Work instruction » From the entries, copy each line that includes "sections".

[Collected data]
(* Let $V$ be a vector space over a field $F$, let $n\ge1$, and let $(p_j^+,p_j^-)_{j=1}^n$ be a valid widget in $V$. Fix $i\in\{1,\dots,n\}$ and $c\in F$. Then the widget obtained by replacing $p_i^+$ with $p_i^+ + c\,p_i^-$ (and leaving all other points unchanged) is again valid.
   Context: A widget with $n$ pairs in $V$ is an indexed family of $n$ pairs of vectors $p_j=(p_j^+,p_j^-)$, $j=1,\dots,n$, in $V$. A section of a widget is a set of points containing at most one point from each pair. A widget with $n$ pairs is legal if every section spans a linear subspace of $V$ of dimension at most $n-1$. A widget with $n$ pairs is full if the linear span of all its $2n$ points has dimension at least $n$. A widget is valid if it is both legal and full. *)

theory Defs
  imports Main "HOL.Vector_Spaces"
begin

text \<open>A widget with n pairs is a family p :: nat => 'v * 'v, indexed by j in {1..n};
  p j = (p_j^+, p_j^-) (fst = plus point, snd = minus point).\<close>

definition widget_section :: "nat \<Rightarrow> (nat \<Rightarrow> 'v \<times> 'v) \<Rightarrow> 'v set \<Rightarrow> bool" where
  "widget_section n p S \<longleftrightarrow>
     (\<exists>J \<sigma>. J \<subseteq> {1..n} \<and> (\<forall>j\<in>J. \<sigma> j \<in> {fst (p j), snd (p j)}) \<and> S = \<sigma> ` J)"

definition widget_points :: "nat \<Rightarrow> (nat \<Rightarrow> 'v \<times> 'v) \<Rightarrow> 'v set" where
  "widget_points n p = fst ` p ` {1..n} \<union> snd ` p ` {1..n}"

context vector_space
begin

definition legal_widget :: "nat \<Rightarrow> (nat \<Rightarrow> 'b \<times> 'b) \<Rightarrow> bool" where
  "legal_widget n p \<longleftrightarrow> (\<forall>S. widget_section n p S \<longrightarrow> dim (span S) \<le> n - 1)"

definition full_widget :: "nat \<Rightarrow> (nat \<Rightarrow> 'b \<times> 'b) \<Rightarrow> bool" where
  "full_widget n p \<longleftrightarrow> dim (span (widget_points n p)) \<ge> n"

definition valid_widget :: "nat \<Rightarrow> (nat \<Rightarrow> 'b \<times> 'b) \<Rightarrow> bool" where
  "valid_widget n p \<longleftrightarrow> legal_widget n p \<and> full_widget n p"

end

end

theory Submission
  imports Defs
begin

text \<open>Shearing the i-th pair changes only sections through the new point
  x = a + c b, where (a, b) = p i.  Such a section has the form insert x R with R
  spanned by the other chosen points, and x \<in> span (insert a (insert b R)); hence its
  dimension is at most that of one of the old sections insert a R and insert b R:
  of insert a R if b \<in> span R, of insert b R otherwise.  Fullness survives because
  a = x - c b lies in the span of the new points.\<close>

context vector_space
begin

text \<open>Library versions of the next two lemmas live in \<open>finite_dimensional_vector_space\<close>;
  here the ambient space may be infinite-dimensional, so finiteness of the spanning set
  is assumed instead.\<close>

lemma dim_mono_finite:
  assumes "V \<subseteq> span W" "finite W"
  shows "dim V \<le> dim W"
proof -
  obtain B where B: "B \<subseteq> W" "independent B" "W \<subseteq> span B" "card B = dim W"
    using basis_exists[of W] by blast
  have "V \<subseteq> span B"
    using assms(1) B(3) span_minimal[OF _ subspace_span] by blast
  then have "dim V \<le> card B"
    using dim_le_card B(1) assms(2) finite_subset by blast
  with B(4) show ?thesis by simp
qed

lemma dim_insert_finite:
  assumes "finite S"
  shows "dim (insert x S) = (if x \<in> span S then dim S else dim S + 1)"
proof (cases "x \<in> span S")
  case True
  then show ?thesis by (metis dim_span span_redundant)
next
  case False
  obtain B where B: "B \<subseteq> S" "independent B" "S \<subseteq> span B" "card B = dim S"
    using basis_exists[of S] by blast
  have "x \<notin> span B"
    using False span_mono[OF B(1)] by blast
  have "dim (insert x S) = card (insert x B)"
  proof (rule dim_unique)
    show "insert x B \<subseteq> insert x S"
      using B(1) by blast
    show "insert x S \<subseteq> span (insert x B)"
      using B(3) span_mono[of B "insert x B"] span_base[of x "insert x B"] by auto
    show "independent (insert x B)"
      using independent_insertI[OF \<open>x \<notin> span B\<close> B(2)] .
  qed simp
  also have "\<dots> = dim S + 1"
  proof -
    have "finite B"
      using B(1) assms by (rule finite_subset)
    moreover have "x \<notin> B"
      using \<open>x \<notin> span B\<close> span_base by blast
    ultimately show ?thesis
      using B(4) by simp
  qed
  finally show ?thesis using False by simp
qed

lemma dim_insert_le_max:
  assumes "finite R" "x \<in> span (insert a (insert b R))"
  shows "dim (insert x R) \<le> max (dim (insert a R)) (dim (insert b R))"
proof (cases "b \<in> span R")
  case True
  then have "b \<in> span (insert a R)"
    using span_mono[of R "insert a R"] by blast
  then have "span (insert b (insert a R)) = span (insert a R)"
    by (rule span_redundant)
  then have "x \<in> span (insert a R)"
    using assms(2) by (simp add: insert_commute)
  then have "insert x R \<subseteq> span (insert a R)"
    using span_superset[of "insert a R"] by blast
  then have "dim (insert x R) \<le> dim (insert a R)"
    by (rule dim_mono_finite) (simp add: assms(1))
  then show ?thesis by simp
next
  case False
  have "dim (insert x R) \<le> dim R + 1"
    using dim_insert_finite[OF assms(1), of x] by simp
  also have "\<dots> = dim (insert b R)"
    using dim_insert_finite[OF assms(1), of b] False by simp
  finally show ?thesis by simp
qed

definition shear_widget :: "nat \<Rightarrow> 'a \<Rightarrow> (nat \<Rightarrow> 'b \<times> 'b) \<Rightarrow> nat \<Rightarrow> 'b \<times> 'b" where
  "shear_widget i c p = p(i := (fst (p i) + scale c (snd (p i)), snd (p i)))"

lemma widget_section_shear_widget:
  assumes "widget_section n (shear_widget i c p) S"
  obtains "widget_section n p S"
  | R where "S = insert (fst (p i) + scale c (snd (p i))) R" "finite R"
      "widget_section n p (insert (fst (p i)) R)"
      "widget_section n p (insert (snd (p i)) R)"
proof -
  let ?x = "fst (p i) + scale c (snd (p i))"
  obtain J \<sigma> where J: "J \<subseteq> {1..n}"
    and \<sigma>: "\<forall>j\<in>J. \<sigma> j \<in> {fst (shear_widget i c p j), snd (shear_widget i c p j)}"
    and S: "S = \<sigma> ` J"
    using assms unfolding widget_section_def by blast
  have \<sigma>_old: "\<forall>j\<in>J - {i}. \<sigma> j \<in> {fst (p j), snd (p j)}"
    using \<sigma> by (auto simp: shear_widget_def)
  show thesis
  proof (cases "i \<in> J \<and> \<sigma> i = ?x")
    case False
    have "\<sigma> j \<in> {fst (p j), snd (p j)}" if "j \<in> J" for j
      using \<sigma> \<sigma>_old False that by (cases "j = i") (auto simp: shear_widget_def)
    then show thesis
      using that(1) J S unfolding widget_section_def by blast
  next
    case True
    define R where "R = \<sigma> ` (J - {i})"
    have "S = insert ?x R"
      using True S unfolding R_def by (metis image_insert insert_Diff)
    moreover have "finite R"
      using J unfolding R_def by (meson finite_Diff finite_atLeastAtMost finite_imageI finite_subset)
    moreover have "widget_section n p (insert v R)" if "v \<in> {fst (p i), snd (p i)}" for v
      unfolding widget_section_def
      by (rule exI[of _ J], rule exI[of _ "\<sigma>(i := v)"])
        (use J \<sigma>_old True that in \<open>auto simp: R_def\<close>)
    ultimately show thesis
      using that(2) by blast
  qed
qed

lemma legal_shear_widget:
  assumes "legal_widget n p"
  shows "legal_widget n (shear_widget i c p)"
  unfolding legal_widget_def dim_span
proof (intro allI impI)
  fix S assume "widget_section n (shear_widget i c p) S"
  then show "dim S \<le> n - 1"
  proof (cases rule: widget_section_shear_widget)
    case 1
    then show ?thesis using assms unfolding legal_widget_def by simp
  next
    case (2 R)
    have "fst (p i) + scale c (snd (p i)) \<in> span (insert (fst (p i)) (insert (snd (p i)) R))"
      by (intro span_add span_scale span_base) auto
    then have "dim S \<le> max (dim (insert (fst (p i)) R)) (dim (insert (snd (p i)) R))"
      using 2 dim_insert_le_max by simp
    moreover have "dim (insert (fst (p i)) R) \<le> n - 1" "dim (insert (snd (p i)) R) \<le> n - 1"
      using 2 assms unfolding legal_widget_def by simp_all
    ultimately show ?thesis by simp
  qed
qed

lemma widget_points_subset_span_shear_widget:
  assumes "i \<in> {1..n}"
  shows "widget_points n p \<subseteq> span (widget_points n (shear_widget i c p))"
proof
  let ?q = "shear_widget i c p"
  let ?P = "widget_points n ?q"
  have new_points: "fst (?q j) \<in> span ?P" "snd (?q j) \<in> span ?P" if "j \<in> {1..n}" for j
    using that by (auto intro!: span_base simp: widget_points_def)
  fix y assume "y \<in> widget_points n p"
  then obtain j where j: "j \<in> {1..n}" and y: "y = fst (p j) \<or> y = snd (p j)"
    unfolding widget_points_def by blast
  show "y \<in> span ?P"
  proof (cases "j = i")
    case True
    have x: "fst (p i) + scale c (snd (p i)) \<in> span ?P"
      and b: "snd (p i) \<in> span ?P"
      using new_points[OF assms] by (simp_all add: shear_widget_def)
    have "fst (p i) = (fst (p i) + scale c (snd (p i))) - scale c (snd (p i))"
      by simp
    then have "fst (p i) \<in> span ?P"
      using span_diff[OF x span_scale[OF b]] by metis
    with b y True show ?thesis by blast
  next
    case False
    then show ?thesis
      using new_points[OF j] y by (auto simp: shear_widget_def)
  qed
qed

lemma full_shear_widget:
  assumes "full_widget n p" "i \<in> {1..n}"
  shows "full_widget n (shear_widget i c p)"
proof -
  have "dim (widget_points n p) \<le> dim (widget_points n (shear_widget i c p))"
    using widget_points_subset_span_shear_widget[OF assms(2)]
    by (rule dim_mono_finite) (simp add: widget_points_def)
  with assms(1) show ?thesis unfolding full_widget_def by simp
qed

lemma valid_shear_widget:
  assumes "valid_widget n p" "i \<in> {1..n}"
  shows "valid_widget n (shear_widget i c p)"
  using assms legal_shear_widget full_shear_widget unfolding valid_widget_def by blast

end

theorem lemma2:
  fixes scale :: "'a::field \<Rightarrow> 'v::ab_group_add \<Rightarrow> 'v"
    and n :: nat and p :: "nat \<Rightarrow> 'v \<times> 'v" and i :: nat and c :: 'a
  assumes "vector_space scale"
    and "n \<ge> 1"
    and "vector_space.valid_widget scale n p"
    and "i \<in> {1..n}"
  shows "vector_space.valid_widget scale n
           (p(i := (fst (p i) + scale c (snd (p i)), snd (p i))))"
  using vector_space.valid_shear_widget[OF assms(1,3,4), of c]
  unfolding vector_space.shear_widget_def[OF assms(1)] .

end
definition scale :: "real \<Rightarrow> coeffs \<Rightarrow> coeffs" where "scale r k = (\<lambda>a b c. r * k a b c)"

definition monom :: "nat \<Rightarrow> nat \<Rightarrow> nat \<Rightarrow> coeffs" where
  "monom i j l = (\<lambda>a b c. if a = i \<and> b = j \<and> c = l then 1 else 0)"

definition int_x :: "coeffs \<Rightarrow> coeffs" where
  "int_x k = (\<lambda>a b c. if a = 0 then 0 else k (a - 1) b c / real a)"

definition div_z :: "coeffs \<Rightarrow> coeffs" where "div_z k = (\<lambda>a b c. k a b (Suc c))"

definition z_free_part :: "coeffs \<Rightarrow> coeffs" where
  "z_free_part k = (\<lambda>a b c. if c = 0 then k a b c else 0)"

definition x_free :: "coeffs \<Rightarrow> bool" where "x_free k \<longleftrightarrow> (\<forall>a b c. a \<noteq> 0 \<longrightarrow> k a b c = 0)"

definition z_free :: "coeffs \<Rightarrow> bool" where "z_free k \<longleftrightarrow> (\<forall>a b c. c \<noteq> 0 \<longrightarrow> k a b c = 0)"

definition homog :: "nat \<Rightarrow> coeffs \<Rightarrow> bool" where
  "homog d k \<longleftrightarrow> (\<forall>a b c. k a b c \<noteq> 0 \<longrightarrow> a + b + c = d)"

text \<open>The derivative \<open>y \<partial>\<^sub>x + z \<partial>\<^sub>y\<close> along the linear field \<open>N\<xi> = (y, z, 0)\<close>.\<close>
definition LN :: "coeffs \<Rightarrow> coeffs" where "LN k = mult_y (Dx k) + mult_z (Dy k)"

abbreviation L3 :: "coeffs \<Rightarrow> coeffs" where "L3 k \<equiv> LN (LN (LN k))"

definition Delta :: "coeffs \<Rightarrow> coeffs" where "Delta k = Dy (Dy k) - 2 * Dx (Dz k)"

lemma LN_apply:
  "LN k a b c = (if b = 0 then 0 else real (Suc a) * k (Suc a) (b - 1) c)
              + (if c = 0 then 0 else real (Suc b) * k a (Suc b) (c - 1))"
  by (simp add: LN_def mult_y_def mult_z_def Dx_def Dy_def)

lemma Delta_apply:
  "Delta k a b c = real (Suc b) * real (Suc (Suc b)) * k a (Suc (Suc b)) c
                 - 2 * (real (Suc a) * real (Suc c) * k (Suc a) b (Suc c))"
  by (simp add: Delta_def Dx_def Dy_def Dz_def)

lemma Dz_add: "Dz (k + m) = Dz k + Dz m"
  by (rule ext)+ (simp add: Dz_def algebra_simps)

lemma Dx_diff: "Dx (k - m) = Dx k - Dx m"
  by (rule ext)+ (simp add: Dx_def algebra_simps)

lemma Dz_diff: "Dz (k - m) = Dz k - Dz m"
  by (rule ext)+ (simp add: Dz_def algebra_simps)

lemma Dx_zero [simp]: "Dx 0 = 0"
  by (rule ext)+ (simp add: Dx_def)

lemma Dy_zero [simp]: "Dy 0 = 0"
  by (rule ext)+ (simp add: Dy_def)

lemma mult_y_zero [simp]: "mult_y 0 = 0"
  by (rule ext)+ (simp add: mult_y_def)

lemma mult_z_zero [simp]: "mult_z 0 = 0"
  by (rule ext)+ (simp add: mult_z_def)

lemma scale_zero [simp]: "scale r 0 = 0"
  by (simp add: scale_def zero_fun_def)

lemma scale_by_zero [simp]: "scale 0 k = 0"
  by (simp add: scale_def zero_fun_def)

lemma LN_add: "LN (k + m) = LN k + LN m"
  by (rule ext)+ (simp add: LN_apply algebra_simps)

lemma LN_diff: "LN (k - m) = LN k - LN m"
  by (rule ext)+ (simp add: LN_apply algebra_simps)

lemma LN_scale: "LN (scale r k) = scale r (LN k)"
  by (rule ext)+ (simp add: LN_apply scale_def algebra_simps)

lemma LN_zero [simp]: "LN 0 = 0"
  by (rule ext)+ (simp add: LN_apply)

lemma LN_at_origin: "LN k 0 0 0 = 0"
  by (simp add: LN_apply)

lemma Dx_LN: "Dx (LN k) = LN (Dx k)"
  by (rule ext)+ (simp add: Dx_def LN_apply algebra_simps)

lemma Dy_LN: "Dy (LN k) = LN (Dy k) + Dx k"
  by (rule ext)+ (auto simp add: Dx_def Dy_def LN_apply algebra_simps)

lemma Dz_LN: "Dz (LN k) = LN (Dz k) + Dy k"
  by (rule ext)+ (auto simp add: Dz_def Dy_def LN_apply algebra_simps)

lemma Delta_LN: "Delta (LN k) = LN (Delta k)"
  by (rule ext)+ (auto simp add: Delta_apply LN_apply algebra_simps)

lemma LN_mult_z: "LN (mult_z k) = mult_z (LN k)"
  by (rule ext)+ (auto simp add: mult_z_def LN_apply algebra_simps)

lemma LN_mult_y: "LN (mult_y k) = mult_z k + mult_y (LN k)"
  by (rule ext)+ (auto simp add: mult_z_def mult_y_def LN_apply algebra_simps)

lemma Dx_int_x: "Dx (int_x k) = k"
  by (rule ext)+ (simp add: Dx_def int_x_def)

lemma Dz_Dx: "Dz (Dx k) = Dx (Dz k)"
  by (rule ext)+ (simp add: Dx_def Dz_def)

lemma Dy_L3: "Dy (L3 g) = LN (Dy (LN (LN g)) + Dx (LN g))"
  by (simp only: Dy_LN Dx_LN LN_add)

Exercise output »
text \<open>Shearing the i-th pair changes only sections through the new point
  dimension is at most that of one of the old sections insert a R and insert b R:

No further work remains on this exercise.